Chinese tech giant Alibaba has unveiled Qwen3, a new family of artificial intelligence models that, according to the company, rival — and in some cases surpass — the top-performing models from OpenAI and Google.
The Qwen3 model family — most of which are, or will soon be, available under an open license — can be accessed via AI development platforms like Hugging Face and GitHub. These models vary in size, ranging from 0.6 billion to 235 billion parameters. Parameters are a key indicator of a model’s reasoning ability, and generally, more parameters mean better performance.
The emergence of sophisticated AI models developed in China, like Qwen3, has increased pressure on U.S.-based AI labs, prompting U.S. policymakers to further tighten restrictions on the export of advanced chips to Chinese firms.

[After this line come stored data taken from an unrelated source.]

(* Let $p_1 = 2, p_2 = 3, p_3 = 5, \dots$ denote the prime numbers listed in increasing order. For real $x, y > 1$ define $$F(x,y) = \sum_{k=1}^{\infty} x^{k-1}\frac{y^{-x^k}}{(1-y^{-x^k})^2}$$ and $$QNC(x,y) = \frac{1}{12xy}\bigl( x(y-1)F(x,y) - y(x-1)F(y,x)\bigr).$$ Let $\mathbf{R} = [\mathbf{R}_{ij}]_{i,j\ge 1}$ be the infinite matrix with entries $\mathbf{R}_{ij} = QNC(p_i, p_j)$. Then $\mathbf{R}$, acting by matrix multiplication on the Hilbert space $\ell_2$ of square-summable complex column vectors, defines a trace class operator on $\ell_2$.
   Context: A bounded operator $\mathbf{A}$ on a Hilbert space is trace class if the positive operator $|\mathbf{A}| = (\mathbf{A}^*\mathbf{A})^{1/2}$ has pure discrete spectrum with summable eigenvalues (equivalently, the singular values of $\mathbf{A}$ are summable). *)

theory Defs
  imports "HOL-Analysis.Analysis" "HOL-Computational_Algebra.Primes" "HOL-Library.Infinite_Set"
begin

(* The primes in increasing order, 0-indexed: prime_seq 0 = 2, prime_seq 1 = 3, ... *)
definition prime_seq :: "nat \<Rightarrow> nat" where
  "prime_seq = enumerate {p::nat. prime p}"

definition F :: "real \<Rightarrow> real \<Rightarrow> real" where
  "F x y = (\<Sum>k. x ^ k * (y powr (- (x ^ (Suc k)))) / (1 - y powr (- (x ^ (Suc k))))\<^sup>2)"

definition QNC :: "real \<Rightarrow> real \<Rightarrow> real" where
  "QNC x y = (x * (y - 1) * F x y - y * (x - 1) * F y x) / (12 * x * y)"

(* The infinite matrix R, 0-indexed: R i j = QNC(p_{i+1}, p_{j+1}) *)
definition Rmat :: "nat \<Rightarrow> nat \<Rightarrow> complex" where
  "Rmat i j = complex_of_real (QNC (real (prime_seq i)) (real (prime_seq j)))"

definition l2 :: "(nat \<Rightarrow> complex) set" where
  "l2 = {x. summable (\<lambda>n. (cmod (x n))\<^sup>2)}"

definition l2_inner :: "(nat \<Rightarrow> complex) \<Rightarrow> (nat \<Rightarrow> complex) \<Rightarrow> complex" where
  "l2_inner x y = (\<Sum>n. x n * cnj (y n))"

definition l2_norm :: "(nat \<Rightarrow> complex) \<Rightarrow> real" where
  "l2_norm x = sqrt (\<Sum>n. (cmod (x n))\<^sup>2)"

definition l2_bounded_op :: "((nat \<Rightarrow> complex) \<Rightarrow> (nat \<Rightarrow> complex)) \<Rightarrow> bool" where
  "l2_bounded_op A \<longleftrightarrow>
     (\<forall>x\<in>l2. A x \<in> l2) \<and>
     (\<forall>x\<in>l2. \<forall>y\<in>l2. \<forall>a b::complex. A (\<lambda>n. a * x n + b * y n) = (\<lambda>n. a * A x n + b * A y n)) \<and>
     (\<exists>C. \<forall>x\<in>l2. l2_norm (A x) \<le> C * l2_norm x)"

According to Alibaba, Qwen3 models are "hybrid" models, capable of rapidly answering simple questions while taking extra time to "reason through" more complex problems. This reasoning capability enables the model to internally fact-check its own answers — similar to OpenAI’s o3 model — although this comes with increased latency.
"We have seamlessly integrated thinking and non-thinking modes, giving users the flexibility to manage their reasoning budget," the Qwen team wrote in a blog post. "This design makes it easier to configure task-specific budgets."
Some Qwen3 models are also built on a Mixture of Experts (MoE) architecture, a method that improves computational efficiency by dividing a task into subtasks and assigning each to smaller, specialized “expert” models.
Qwen3 models support 119 languages and have been trained on a dataset of around 36 trillion tokens — raw units of data the model processes (1 million tokens ≈ 750,000 words). The training data includes textbooks, question-answer pairs, code snippets, and AI-generated content, among other sources.
These enhancements significantly improve performance compared to the Qwen2 generation. While Qwen3 models aren’t definitively superior to state-of-the-art models like OpenAI’s o3 or o4-mini, they hold their own in benchmark comparisons.
On the Codeforces competitive programming platform, the largest model, Qwen-3-235B-A22B, slightly outperforms both OpenAI’s o3-mini and Google’s Gemini 2.5 Pro. It also beats o3-mini in the AIME math benchmark and BFCL, a test of reasoning abilities. However, this particular model isn’t publicly available — at least not yet.
The largest publicly available model, Qwen3-32B, is still competitive with several other proprietary and open-source models. Notably, it outperforms OpenAI’s o1 model in various tasks, including the LiveCodeBench coding benchmark.
Alibaba highlights that Qwen3 models excel in tool-calling, instruction following, and data format replication. In addition to open downloads, Qwen3 is also accessible via cloud platforms, including Fireworks AI and Hyperbolic.